Driving multicooker from a control plane (Zuzoo)

This is the integration guide for an external control plane — Zuzoo or any other orchestrator — that wants to run cooks unattended and read structured results. It documents the stable contract: what files multicooker writes, what the commands do, what states mean, and what is safe to publish.

The design boundary (see control-plane-readiness.md): multicooker stays a CLI

cook-directory docker engine. The control plane owns chat UI, approvals, durable user-facing state, quota policy, and scheduling. Between them is a small file contract — task files in; structured status, events, results, artifacts out. Drive cooks off these files, never by scraping stdout or parsing markdown.

The worker pattern

1. materialize a cook directory  (multicooker new <name>, then fill brief.yaml,
                                   BRIEF.md, JUDGE_BRIEF.md, raw/)
2. multicooker lint <name>        # fail fast on rubric drift (optional, cheap)
3. multicooker cook <name>        # participants run in parallel containers
4. multicooker judge <name>       # blind, anonymized scoring
5. multicooker report <name>      # leaderboard.md + summary.json + artifacts.json
6. read summary.json / artifacts.json; publish only `public` artifacts

While a cook runs, poll status.json / follow events.jsonl; cancel to stop; resume to retry only the failed cells.

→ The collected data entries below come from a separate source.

(* Let $\alpha>-1$ and $s\in\mathbb N$. Then for every integer $n\ge s$, $$J_n^{(\alpha,-s)}(u)=\frac{(n-s)!}{n!}\,(1+u)^s\,\widehat P_{n-s}^{(\alpha,s)}(u),$$ and consequently, for $n\ge s$, $$J_n^{(\alpha,-s)}(u)=\frac{(-1)^s2^s}{(-\alpha-n)_s}\,A_{n-s}^{(\alpha,s)}\,P_n^{(\alpha,-s)}(u).$$
   Context: $(a)_k=a(a+1)\cdots(a+k-1)$ is the Pochhammer symbol. For real parameters $\alpha,\beta$ and $n\in\mathbb N_0$, the Jacobi polynomial is $P_n^{(\alpha,\beta)}(u)=\sum_{k=0}^n\frac{(\alpha+k+1)_{n-k}\,(-n)_k\,(n+\alpha+\beta+1)_k}{n!\,k!}\left(\frac{1-u}{2}\right)^k$ (i.e. $\frac{(\alpha+1)_n}{n!}{}_2F_1(-n,n+\alpha+\beta+1;\alpha+1;\frac{1-u}{2})$, defined for all real parameters). Whenever $(n+\alpha+\beta+1)_n\neq0$ put $A_n^{(\alpha,\beta)}=\frac{2^n}{(n+\alpha+\beta+1)_n}$ and $\widehat P_n^{(\alpha,\beta)}=A_n^{(\alpha,\beta)}P_n^{(\alpha,\beta)}$. For $s\in\mathbb N$ and $\alpha>-1-s$, define polynomials $J_n^{(\alpha,-s)}$, $n\in\mathbb N_0$, by $J_n^{(\alpha,-s)}(u)=\frac{(u+1)^n}{n!}$ for $0\le n\le s-1$ and $J_n^{(\alpha,-s)}(u)=\int_{-1}^{u}\frac{(u-w)^{s-1}}{(s-1)!}\,\widehat P_{n-s}^{(\alpha+s,0)}(w)\,\mathrm dw$ for $n\ge s$. *)

theory Defs
  imports "HOL-Analysis.Analysis"
begin

definition jacobiP :: "nat \<Rightarrow> real \<Rightarrow> real \<Rightarrow> real \<Rightarrow> real" where
  "jacobiP n a b u =
     (\<Sum>k=0..n. pochhammer (a + real k + 1) (n - k) * pochhammer (- real n) k
        * pochhammer (real n + a + b + 1) k / (fact n * fact k) * ((1 - u) / 2) ^ k)"

text \<open>Normalising constant A_n^(a,b) = 2^n / (n+a+b+1)_n (only used where the denominator is nonzero).\<close>
definition jacobiA :: "nat \<Rightarrow> real \<Rightarrow> real \<Rightarrow> real" where
  "jacobiA n a b = 2 ^ n / pochhammer (real n + a + b + 1) n"

definition jacobiPhat :: "nat \<Rightarrow> real \<Rightarrow> real \<Rightarrow> real \<Rightarrow> real" where
  "jacobiPhat n a b u = jacobiA n a b * jacobiP n a b u"

definition int_from_m1 :: "(real \<Rightarrow> real) \<Rightarrow> real \<Rightarrow> real" where
  "int_from_m1 f u = (if -1 \<le> u then integral {-1..u} f else - integral {u..-1} f)"

definition J :: "real \<Rightarrow> nat \<Rightarrow> nat \<Rightarrow> real \<Rightarrow> real" where
  "J a s n u =
     (if n < s then (u + 1) ^ n / fact n
      else int_from_m1 (\<lambda>w. (u - w) ^ (s - 1) / fact (s - 1) * jacobiPhat (n - s) (a + real s) 0 w) u)"

end

theory Submission
  imports Defs
begin

text \<open>
  \<open>J\<close> is the \<open>s\<close>-fold iterated integral of \<open>Phat_{n-s}^(\<alpha>+s,0)\<close> from \<open>-1\<close>, so by Taylor's
  formula with integral remainder it equals every function whose \<open>s\<close>-th derivative is
  \<open>Phat_{n-s}^(\<alpha>+s,0)\<close> and whose lower derivatives vanish at \<open>-1\<close>; both right-hand sides are
  such functions. Writing \<open>P_m^(a,b)\<close> as a polynomial in \<open>t = (1-u)/2\<close> and comparing
  coefficients gives the derivative formula \<open>P_{m+1}^(a,b)' = (m+a+b+2)/2 P_m^(a+1,b+1)\<close> and the
  contiguous relation \<open>b P_m^(a,b) + (1+u) P_m^(a,b)' = (m+b) P_m^(a+1,b-1)\<close>. The latter says that
  differentiating \<open>(1+u)^k P_m^(a,k)\<close> lowers \<open>k\<close> and raises \<open>a\<close> by one, and at \<open>u = -1\<close> it
  yields \<open>P_N^(a,-r)(-1) = 0\<close> for \<open>1 \<le> r \<le> N\<close>.
\<close>

definition jacobi_coeff :: "nat \<Rightarrow> real \<Rightarrow> real \<Rightarrow> nat \<Rightarrow> real" where
  "jacobi_coeff n a b k = pochhammer (a + real k + 1) (n - k) * pochhammer (- real n) k
     * pochhammer (real n + a + b + 1) k / (fact n * fact k)"

lemma jacobiP_eq_sum_coeff: "jacobiP n a b u = (\<Sum>k=0..n. jacobi_coeff n a b k * ((1 - u) / 2) ^ k)"
  unfolding jacobiP_def jacobi_coeff_def by simp

lemma jacobi_coeff_eq_0: "n < k \<Longrightarrow> jacobi_coeff n a b k = 0"
  unfolding jacobi_coeff_def by (simp add: pochhammer_eq_0_iff)

lemma sum_atLeast0_atMost_shift_vanishing:
  fixes f :: "nat \<Rightarrow> 'a::comm_monoid_add"
  assumes "f 0 = 0" and "f (Suc n) = 0"
  shows "(\<Sum>k=0..n. f (Suc k)) = (\<Sum>k=0..n. f k)"
  using sum.atLeast0_atMost_Suc_shift[of f n] sum.atLeast0_atMost_Suc[of f n] assms by simp

lemma jacobiP_has_real_derivative:
  "(jacobiP n a b has_real_derivative
     - (\<Sum>k=0..n. real (Suc k) * jacobi_coeff n a b (Suc k) * ((1 - x) / 2) ^ k) / 2) (at x)"
proof -
  let ?f = "\<lambda>k. real k * jacobi_coeff n a b k * ((1 - x) / 2) ^ (k - 1)"
  have "(jacobiP n a b has_real_derivative
      (\<Sum>k=0..n. jacobi_coeff n a b k * (real k * ((1 - x) / 2) ^ (k - 1) * (- 1 / 2)))) (at x)"
    unfolding jacobiP_eq_sum_coeff [abs_def]
    by (auto intro!: derivative_eq_intros DERIV_sum simp: algebra_simps)
  also have "(\<Sum>k=0..n. jacobi_coeff n a b k * (real k * ((1 - x) / 2) ^ (k - 1) * (- 1 / 2)))
      = - (\<Sum>k=0..n. ?f k) / 2"
    by (simp add: sum_negf [symmetric] sum_divide_distrib mult_ac)
  also have "(\<Sum>k=0..n. ?f k) = (\<Sum>k=0..n. ?f (Suc k))"
    by (rule sum_atLeast0_atMost_shift_vanishing [symmetric]) (simp_all add: jacobi_coeff_eq_0)
  finally show ?thesis by simp
qed

lemma jacobi_coeff_contiguous:
  "(b + real k) * jacobi_coeff m a b k - real (Suc k) * jacobi_coeff m a b (Suc k)
     = (real m + b) * jacobi_coeff m (a + 1) (b - 1) k"
proof (cases m k rule: linorder_cases)
  case less
  then show ?thesis by (simp add: jacobi_coeff_eq_0)
next
  case equal
  then show ?thesis by (simp add: jacobi_coeff_def pochhammer_eq_0_iff add_ac)
next
  case greater
  txt \<open>All three coefficients are multiples of \<open>K\<close>; what remains is the identity
    \<open>(b + k)(a + k + 1) + (m - k)(m + a + b + k + 1) = (m + b)(m + a + 1)\<close>.\<close>
  then obtain d where "m = Suc (k + d)" using less_iff_Suc_add by blast
  then have m: "m - k = Suc d" "m - Suc k = d" by auto
  define R where "R = pochhammer (a + real k + 2) d"
  define U where "U = pochhammer (- real m) k"
  define V where "V = pochhammer (real m + a + b + 1) k"
  define K where "K = R * U * V / (fact m * fact k)"
  have "jacobi_coeff m a b k = (a + real k + 1) * K"
    unfolding jacobi_coeff_def K_def U_def V_def m R_def pochhammer_rec by (simp add: add_ac)
  moreover have "real (Suc k) * jacobi_coeff m a b (Suc k)
      = (real k - real m) * (real m + a + b + 1 + real k) * K"
  proof -
    have R_eq: "pochhammer (a + real (Suc k) + 1) (m - Suc k) = R"
      unfolding m R_def by (simp add: add_ac)
    have U_eq: "pochhammer (- real m) (Suc k) = U * (real k - real m)"
      unfolding U_def pochhammer_Suc by simp
    have V_eq: "pochhammer (real m + a + b + 1) (Suc k) = V * (real m + a + b + 1 + real k)"
      unfolding V_def pochhammer_Suc by simp
    have "fact (Suc k) = real (Suc k) * (fact k :: real)" by simp
    then show ?thesis
      unfolding jacobi_coeff_def K_def R_eq U_eq V_eq by (simp del: of_nat_Suc)
  qed
  moreover have "jacobi_coeff m (a + 1) (b - 1) k = (a + real m + 1) * K"
    unfolding jacobi_coeff_def K_def U_def V_def m R_def pochhammer_Suc
    using \<open>m = Suc (k + d)\<close> by (simp add: algebra_simps)
  ultimately show ?thesis by (simp add: algebra_simps)
qed

lemma jacobi_coeff_Suc_Suc:
  "real (Suc k) * jacobi_coeff (Suc m) a b (Suc k)
     = - (real m + a + b + 2) * jacobi_coeff m (a + 1) (b + 1) k"
proof (cases "k \<le> m")
  case False
  then show ?thesis by (simp add: jacobi_coeff_eq_0)
next
  case True
  define R where "R = pochhammer (a + real k + 2) (m - k)"
  define U where "U = pochhammer (- real m) k"
  define V where "V = pochhammer (real m + a + b + 3) k"
  have R_eq: "pochhammer (a + real (Suc k) + 1) (Suc m - Suc k) = R"
    unfolding R_def by (simp add: add_ac)
  have U_eq: "pochhammer (- real (Suc m)) (Suc k) = - real (Suc m) * U"
    unfolding U_def pochhammer_rec by simp
  have V_eq: "pochhammer (real (Suc m) + a + b + 1) (Suc k) = (real m + a + b + 2) * V"
    unfolding V_def pochhammer_rec by (simp add: add_ac)
  have "fact (Suc m) * fact (Suc k) = real (Suc m) * real (Suc k) * (fact m * fact k :: real)"
    by simp
  then have "real (Suc k) * jacobi_coeff (Suc m) a b (Suc k)
      = - (real m + a + b + 2) * (R * U * V / (fact m * fact k))"
    unfolding jacobi_coeff_def R_eq U_eq V_eq by (simp del: of_nat_Suc) (simp add: field_simps)
  moreover have "jacobi_coeff m (a + 1) (b + 1) k = R * U * V / (fact m * fact k)"
    unfolding jacobi_coeff_def R_def U_def V_def by (simp add: add_ac)
  ultimately show ?thesis by simp
qed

Running phases, cancelling, and reading status.json/summary.json/artifacts.json are available through the Python API; to follow events.jsonl, read the file directly (multicooker tail streams the cell logs, not the event stream).

Contract files

Every cook directory (cooks/<name>/) carries these machine-readable files. status.json, summary.json, and artifacts.json are replaced atomically (temp file + os.replace); status.json read-modify-writes and events.jsonl appends happen under a cross-process flock, and each event is written as a single append. A reader of status.json never sees a half-written snapshot.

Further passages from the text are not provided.